Under the colonnade Temple was standing in the midst of a little group of students. One of them cried:

— Dixon, come over till you hear. Temple is in grand form.

Temple turned on him his dark gipsy eyes.

— You're a hypocrite, O'Keeffe, he said. And Dixon is a smiler. By hell, I think that's a good literary expression.

He laughed slyly, looking in Stephen's face, repeating:

— By hell, I'm delighted with that name. A smiler.

A stout student who stood below them on the steps said:

— Come back to the mistress, Temple. We want to hear about that.

— He had, faith, Temple said. And he was a married man too. And all the priests used to be dining there. By hell, I think they all had a touch.

— We shall call it riding a hack to spare the hunter, said Dixon.

— Tell us, Temple, O'Keeffe said, how many quarts of porter have you in you?

— All your intellectual soul is in that phrase, O'Keeffe, said Temple with open scorn.

He moved with a shambling gait round the group and spoke to Stephen.

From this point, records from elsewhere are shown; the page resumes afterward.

theorem lemma6p6:
  fixes n m :: nat
  shows "chrom_sym (double_star n m) =
    (\<lambda>\<alpha>. \<Sum>i=0..n. \<Sum>j=0..m.
       of_nat (n choose i) * of_nat (m choose j) * (-1) ^ (i + j) *
       msf_mult (msf_pow (pab 1 0) (n + m - i - j))
         (\<lambda>\<beta>. msf_mult (pab (i+1) 0) (pab (j+1) 0) \<beta> - pab (i+1) (j+1) \<beta>) \<alpha>)"
proof
  fix \<alpha> :: "int \<Rightarrow>\<^sub>0 nat"
  let ?term = "\<lambda>i j. msf_mult (msf_pow (pab 1 0) (n + m - i - j))
         (\<lambda>\<beta>. msf_mult (pab (i+1) 0) (pab (j+1) 0) \<beta> - pab (i+1) (j+1) \<beta>) \<alpha>"
  have vertices: "fst (double_star n m) = {0..n+m+1}"
    by (simp add: double_star_def)
  have cards: "card {1..n} = n" "card {n+2..n+m+1} = m"
    by simp_all
  have "chrom_sym (double_star n m) \<alpha> =
      coloring_gf {0..n+m+1} (\<lambda>\<kappa>. of_bool (proper_col (double_star n m) \<kappa>)) \<alpha>"
    using chrom_sym_eq_coloring_gf[of "double_star n m"]
    by (simp only: vertices finite_atLeastAtMost)
  also have "\<dots> = (\<Sum>I\<in>Pow {1..n}. \<Sum>J\<in>Pow {n+2..n+m+1}.
      (-1) ^ (card I + card J) * ?term (card I) (card J))"
    by (simp only: of_bool_proper_col_double_star coloring_gf_sum coloring_gf_cmult)
      (intro sum.cong refl, simp only: Pow_iff coloring_gf_contracted_weight)
  also have "\<dots> = (\<Sum>i=0..n. \<Sum>j=0..m.
      of_nat (n choose i) * of_nat (m choose j) * ((-1) ^ (i + j) * ?term i j))"
    using sum_Pow_Pow_card[of "{1..n}" "{n+2..n+m+1}" "\<lambda>i j. (-1) ^ (i + j) * ?term i j"]
    by (simp only: finite_atLeastAtMost cards simp_thms)
  finally show "chrom_sym (double_star n m) \<alpha> = (\<Sum>i=0..n. \<Sum>j=0..m.
      of_nat (n choose i) * of_nat (m choose j) * (-1) ^ (i + j) * ?term i j)"
    by (simp only: mult.assoc)
qed

end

— Did you know that the Forsters are the kings of Belgium? he asked.

Cranly came out through the door of the entrance hall, his hat thrust back on the nape of his neck and picking his teeth with care.

— And here's the wiseacre, said Temple. Do you know that about the Forsters?

He paused for an answer. Cranly dislodged a figseed from his teeth on the point of his rude toothpick and gazed at it intently

— The Forster family, Temple said, is descended from Baldwin the First, king of Flanders. He was called the Forester. Forester and Forster are the same name. A descendant of Baldwin the First, captain Francis Forster, settled in Ireland and married the daughter of the last chieftain of Clanbrassil. Then there are the Blake Forsters. That's a different branch.

— From Baldhead, king of Flanders, Cranly repeated, rooting again deliberately at his gleaming uncovered teeth.